If Canadian National Railway Co. wins the takeover battle for Kansas City Southern, the freight hauler will greet some familiar faces using a well-known playbook at KCS’s Missouri headquarters.

That’s because three of KCS’s top operations executives worked at CN and were schooled in the ways of railroading by the late Hunter Harrison. The industry legend pioneered the cost-cutting operating model known as precision scheduled railroading, or PSR, at CN in the 1990s and early 2000s, and later implemented it at Canadian Pacific Railway Ltd .

CN’s US$29.8-billion proposal to take over KCS is in the first step of a two-part review process by the U.S. Surface Transportation Board. The deal comes as precision railroading faces renewed scrutiny from U.S. regulators and service complaints from customers.

With the exception of Warren Buffett’s BNSF Railway, six of the seven major North American rail companies employ the lean strategy, and have hired executives and managers who worked under Mr. Harrison at CN or CP to slash costs and streamline operations.

“The CN diaspora of talent first went to [CP in] Calgary, then from Calgary to Union Pacific, Norfolk Southern to CSX,” said Anthony Hatch, an independent railway analyst at ABH Consulting. “They’re everywhere.”

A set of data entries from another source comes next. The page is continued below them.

lemma harmonic_on_convex_imp_Re_holomorphic:
  assumes "harmonic_on U S" "convex S"
  obtains F where "F holomorphic_on S" "\<And>z. z \<in> S \<Longrightarrow> U z = Re (F z)"
proof -
  obtain U' :: "complex \<Rightarrow> complex \<Rightarrow>\<^sub>L real" and U'' :: "complex \<Rightarrow> complex \<Rightarrow>\<^sub>L (complex \<Rightarrow>\<^sub>L real)"
    where "open S"
      and U': "\<And>z. z \<in> S \<Longrightarrow> (U has_derivative blinfun_apply (U' z)) (at z)"
      and U'': "\<And>z. z \<in> S \<Longrightarrow> (U' has_derivative blinfun_apply (U'' z)) (at z)"
      and "continuous_on S U''" "\<And>z. z \<in> S \<Longrightarrow> U'' z 1 1 + U'' z \<i> \<i> = 0"
    using assms(1) unfolding harmonic_on_def by blast
  define f where "f z = complex_of_real (U' z 1) - \<i> * complex_of_real (U' z \<i>)" for z
  have "f holomorphic_on S"
    unfolding f_def by (rule harmonic_gradient_holomorphic) fact+
  then obtain G where G: "\<And>z. z \<in> S \<Longrightarrow> (G has_field_derivative f z) (at z)"
    using holomorphic_convex_primitive'[OF \<open>convex S\<close> \<open>open S\<close>] at_within_open[OF _ \<open>open S\<close>]
    by metis
  have "\<exists>c. \<forall>z\<in>S. U z - Re (G z) = c"
  proof (rule has_derivative_zero_constant[OF \<open>convex S\<close>])
    fix z assume "z \<in> S"
    have "((\<lambda>z. U z - Re (G z)) has_derivative (\<lambda>h. U' z h - Re (f z * h))) (at z)"
      using U' G \<open>z \<in> S\<close> by (auto intro!: derivative_eq_intros simp: has_field_derivative_def)
    moreover have "(\<lambda>h. U' z h - Re (f z * h)) = (\<lambda>h. 0)"
      by (subst blinfun_apply_complex) (simp add: f_def algebra_simps)
    ultimately show "((\<lambda>z. U z - Re (G z)) has_derivative (\<lambda>h. 0)) (at z within S)"
      by (simp add: has_derivative_at_withinI)
  qed
  then obtain c where "\<And>z. z \<in> S \<Longrightarrow> U z - Re (G z) = c"
    by blast
  then have c: "\<And>z. z \<in> S \<Longrightarrow> U z = Re (G z + complex_of_real c)"
    by force
  have "G holomorphic_on S"
    using G \<open>open S\<close> by (auto simp: holomorphic_on_open field_differentiable_def)
  then have "(\<lambda>z. G z + complex_of_real c) holomorphic_on S"
    by (intro holomorphic_intros)
  then show ?thesis using c by (rule that)
qed

lemma harmonic_on_imp_continuous_on:
  assumes "harmonic_on U S"
  shows "continuous_on S U"
  using assms unfolding harmonic_on_def
  by (meson continuous_at_imp_continuous_on has_derivative_continuous)

lemma dist_circlepath [simp]: "dist z (circlepath z r t) = \<bar>r\<bar>"
  by (simp add: circlepath dist_norm norm_mult)

lemma holomorphic_on_circle_mean:
  assumes "F holomorphic_on S" "cball z r \<subseteq> S" "r > 0"
  shows "((\<lambda>t. F (circlepath z r t)) has_integral F z) {0..1}"
proof -
  have "continuous_on (cball z r) F" "F holomorphic_on ball z r"
    using assms(1,2) holomorphic_on_subset holomorphic_on_imp_continuous_on ball_subset_cball
    by blast+
  then have "((\<lambda>u. F u / (u - z)) has_contour_integral (2 * of_real pi * \<i> * F z)) (circlepath z r)"
    using \<open>r > 0\<close> by (intro Cauchy_integral_circlepath) auto
  then have I: "((\<lambda>t. F (circlepath z r t) / (circlepath z r t - z)
      * vector_derivative (circlepath z r) (at t within {0..1})) has_integral (2 * of_real pi * \<i> * F z)) {0..1}"
    unfolding has_contour_integral_def .
  have "((\<lambda>t. 2 * of_real pi * \<i> * F (circlepath z r t)) has_integral (2 * of_real pi * \<i> * F z)) {0..1}"
  proof (rule has_integral_spike_finite[OF finite.emptyI _ I])
    fix t :: real assume "t \<in> {0..1} - {}"
    then have "vector_derivative (circlepath z r) (at t within {0..1})
        = 2 * pi * \<i> * r * exp (2 * of_real pi * \<i> * t)"
      by (intro vector_derivative_circlepath01) auto
    then show "2 * of_real pi * \<i> * F (circlepath z r t) = F (circlepath z r t) / (circlepath z r t - z)
        * vector_derivative (circlepath z r) (at t within {0..1})"
      using \<open>r > 0\<close> by (simp add: circlepath field_simps)
  qed
  from has_integral_mult_right[OF this, of "inverse (2 * of_real pi * \<i>)"]
  show ?thesis by (simp add: field_simps)
qed

lemma harmonic_on_circle_mean:
  assumes "harmonic_on U S" "convex S" "cball z r \<subseteq> S" "r > 0"
  shows "((\<lambda>t. U (circlepath z r t)) has_integral U z) {0..1}"
proof -
  obtain F where "F holomorphic_on S" and U: "\<And>z. z \<in> S \<Longrightarrow> U z = Re (F z)"
    using harmonic_on_convex_imp_Re_holomorphic[OF assms(1,2)] by blast
  have "((\<lambda>t. Re (F (circlepath z r t))) has_integral Re (F z)) {0..1}"
    using has_integral_linear[OF holomorphic_on_circle_mean[OF \<open>F holomorphic_on S\<close> assms(3,4)]
        bounded_linear_Re]
    by (simp add: o_def)
  moreover have "circlepath z r t \<in> S" for t
    using assms(3,4) by (auto simp: subset_iff)
  moreover have "z \<in> S" using assms(3,4) by auto
  ultimately show ?thesis by (simp add: U)
qed

lemma harmonic_on_abs_le_circle_mean:
  assumes "harmonic_on U S" "convex S" "cball z r \<subseteq> S" "r > 0"
  shows "ennreal \<bar>U z\<bar> \<le> (\<integral>\<^sup>+t. ennreal \<bar>U (circlepath z r t)\<bar> * indicator {0..1} t \<partial>lborel)"
proof -
  note mean = harmonic_on_circle_mean[OF assms]
  have "circlepath z r ` {0..1} \<subseteq> S"
    using assms(3,4) by (auto simp: subset_iff)
  moreover have "continuous_on {0..1} (circlepath z r)"
    using path_circlepath unfolding path_def .
  ultimately have "continuous_on {0..1} (\<lambda>t. U (circlepath z r t))"
    using harmonic_on_imp_continuous_on[OF assms(1)] continuous_on_compose2 by blast
  then have int: "(\<lambda>t. \<bar>U (circlepath z r t)\<bar>) integrable_on {0..1}"
    by (intro integrable_continuous_interval continuous_intros)
  have "\<bar>U z\<bar> = norm (integral {0..1} (\<lambda>t. U (circlepath z r t)))"
    using mean by (simp add: integral_unique)
  also have "\<dots> \<le> integral {0..1} (\<lambda>t. \<bar>U (circlepath z r t)\<bar>)"
    using mean int by (intro integral_norm_bound_integral) auto
  also have "ennreal \<dots> = (\<integral>\<^sup>+t. ennreal \<bar>U (circlepath z r t)\<bar> * indicator {0..1} t \<partial>lborel)"
    using int by (intro nn_integral_has_integral_lebesgue'[symmetric]) auto
  finally show ?thesis by (simp add: ennreal_leI)
qed

section \<open>Circle integrals and horizontal segments\<close>

lemma borel_measurable_Complex [measurable]:
  assumes [measurable]: "f \<in> borel_measurable M" "g \<in> borel_measurable M"
  shows "(\<lambda>x. Complex (f x) (g x)) \<in> borel_measurable M"
proof -
  have "(\<lambda>x. complex_of_real (f x) + \<i> * complex_of_real (g x)) \<in> borel_measurable M"
    by measurable
  then show ?thesis by (simp add: Complex_eq)
qed

lemma pred_in_atLeastAtMost [measurable]:
  fixes f g h :: "'a \<Rightarrow> real"
  assumes [measurable]: "f \<in> borel_measurable M" "g \<in> borel_measurable M" "h \<in> borel_measurable M"
  shows "Measurable.pred M (\<lambda>x. f x \<in> {g x..h x})"
  by simp

lemma nn_integral_substitution_interior:
  fixes f g g' h :: "real \<Rightarrow> real"
  assumes [measurable]: "f \<in> borel_measurable borel"
    and "\<And>t. t \<in> {a..b} \<Longrightarrow> (g has_real_derivative g' t) (at t)"
    and "continuous_on {a..b} g'" "\<And>t. t \<in> {a..b} \<Longrightarrow> g' t \<ge> 0" "a \<le> b"
    and h: "\<And>t. t \<in> {a<..<b} \<Longrightarrow> h t = f (g t) * g' t"
  shows "(\<integral>\<^sup>+t. ennreal (h t) * indicator {a..b} t \<partial>lborel)
       = (\<integral>\<^sup>+x. ennreal (f x) * indicator {g a..g b} x \<partial>lborel)"
proof -
  have "(\<integral>\<^sup>+t. ennreal (h t) * indicator {a..b} t \<partial>lborel)
      = (\<integral>\<^sup>+t. f (g t) * g' t * indicator {a..b} t \<partial>lborel)"
  proof (rule nn_integral_cong_AE)
    show "AE t in lborel. ennreal (h t) * indicator {a..b} t = ennreal (f (g t) * g' t * indicator {a..b} t)"
      using AE_lborel_singleton[of a] AE_lborel_singleton[of b]
      by eventually_elim (auto simp: h split: split_indicator)
  qed
  also have "\<dots> = (\<integral>\<^sup>+x. f x * indicator {g a..g b} x \<partial>lborel)"
    by (rule nn_integral_substitution[symmetric]) (use assms in \<open>auto simp: set_borel_measurable_def\<close>)
  also have "\<dots> = (\<integral>\<^sup>+x. ennreal (f x) * indicator {g a..g b} x \<partial>lborel)"
    by (rule nn_integral_cong) (simp split: split_indicator)
  finally show ?thesis .
qed

lemma circlepath_Complex: "circlepath z r t = z + Complex (r * cos (2 * pi * t)) (r * sin (2 * pi * t))"
  by (simp add: circlepath complex_eq_iff Re_exp Im_exp)

lemma sqrt_sq_minus_cos_sq: "r \<ge> 0 \<Longrightarrow> sqrt (r\<^sup>2 - (r * cos u)\<^sup>2) = r * \<bar>sin u\<bar>"
proof -
  have "r\<^sup>2 - (r * cos u)\<^sup>2 = (r * sin u)\<^sup>2"
    by (simp add: power_mult_distrib sin_squared_eq algebra_simps)
  then show "r \<ge> 0 \<Longrightarrow> ?thesis" by (simp add: abs_mult)
qed

text \<open>Each half of the circle is parametrised by the abscissa \<open>x\<close>, with
  \<open>dt = dx / (2 \<pi> sqrt (r\<^sup>2 - x\<^sup>2))\<close>.\<close>

lemma nn_integral_circlepath_upper_half:
  fixes G :: "complex \<Rightarrow> real"
  assumes [measurable]: "G \<in> borel_measurable borel" and "r > 0"
  shows "(\<integral>\<^sup>+t. ennreal (G (circlepath z r t)) * indicator {0..1/2} t \<partial>lborel)
    = (\<integral>\<^sup>+x. ennreal (G (z + Complex (-x) (sqrt (r\<^sup>2 - x\<^sup>2))) / (2 * pi * sqrt (r\<^sup>2 - x\<^sup>2)))
         * indicator {-r..r} x \<partial>lborel)"
proof (subst nn_integral_substitution_interior[where g = "\<lambda>t. - r * cos (2 * pi * t)"
      and g' = "\<lambda>t. 2 * pi * r * sin (2 * pi * t)"])
  fix t :: real assume "t \<in> {0..1/2}"
  then have "sin (2 * pi * t) \<ge> 0" by (intro sin_ge_zero) auto
  then show "0 \<le> 2 * pi * r * sin (2 * pi * t)"
    using \<open>r > 0\<close> by simp
next
  fix t :: real assume "t \<in> {0<..<1/2}"
  then have "sin (2 * pi * t) > 0" by (intro sin_gt_zero) auto
  then show "G (circlepath z r t) = G (z + Complex (- (- r * cos (2 * pi * t))) (sqrt (r\<^sup>2 - (- r * cos (2 * pi * t))\<^sup>2)))
      / (2 * pi * sqrt (r\<^sup>2 - (- r * cos (2 * pi * t))\<^sup>2)) * (2 * pi * r * sin (2 * pi * t))"
    using \<open>r > 0\<close> sqrt_sq_minus_cos_sq[of r "2 * pi * t"] by (simp add: circlepath_Complex)
qed (auto intro!: derivative_eq_intros continuous_intros)

lemma nn_integral_circlepath_lower_half:
  fixes G :: "complex \<Rightarrow> real"
  assumes [measurable]: "G \<in> borel_measurable borel" and "r > 0"
  shows "(\<integral>\<^sup>+t. ennreal (G (circlepath z r t)) * indicator {1/2..1} t \<partial>lborel)
    = (\<integral>\<^sup>+x. ennreal (G (z + Complex x (- sqrt (r\<^sup>2 - x\<^sup>2))) / (2 * pi * sqrt (r\<^sup>2 - x\<^sup>2)))
         * indicator {-r..r} x \<partial>lborel)"
proof (subst nn_integral_substitution_interior[where g = "\<lambda>t. r * cos (2 * pi * t)"
      and g' = "\<lambda>t. - (2 * pi * r * sin (2 * pi * t))"])
  fix t :: real assume "t \<in> {1/2..1}"
  then have "sin (2 * pi * t - pi) \<ge> 0" by (intro sin_ge_zero) auto
  then show "0 \<le> - (2 * pi * r * sin (2 * pi * t))"
    using \<open>r > 0\<close> by (simp add: sin_diff mult_nonneg_nonpos)
next
  fix t :: real assume "t \<in> {1/2<..<1}"
  then have "sin (2 * pi * t - pi) > 0" by (intro sin_gt_zero) auto
  then have "sin (2 * pi * t) < 0" by (simp add: sin_diff)
  then show "G (circlepath z r t) = G (z + Complex (r * cos (2 * pi * t)) (- sqrt (r\<^sup>2 - (r * cos (2 * pi * t))\<^sup>2)))
      / (2 * pi * sqrt (r\<^sup>2 - (r * cos (2 * pi * t))\<^sup>2)) * (- (2 * pi * r * sin (2 * pi * t)))"
    using \<open>r > 0\<close> sqrt_sq_minus_cos_sq[of r "2 * pi * t"] by (simp add: circlepath_Complex)
qed (auto intro!: derivative_eq_intros continuous_intros)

KCS, CSX Corp. , Union Pacific Railroad and Norfolk Southern Corp. have all adopted PSR, and hired proteges of Mr. Harrison. He was chief executive at Illinois Central when CN took over the company in 1998, and it was the first Canadian railway Mr. Harrison retooled, first as CN’s chief operating officer and then after becoming in CEO in 2003.

“Most everybody has implemented PSR and are operating in that like mindset,” Jennifer Hamann, Union Pacific Railroad’s chief financial officer, said at a recent investors’ conference.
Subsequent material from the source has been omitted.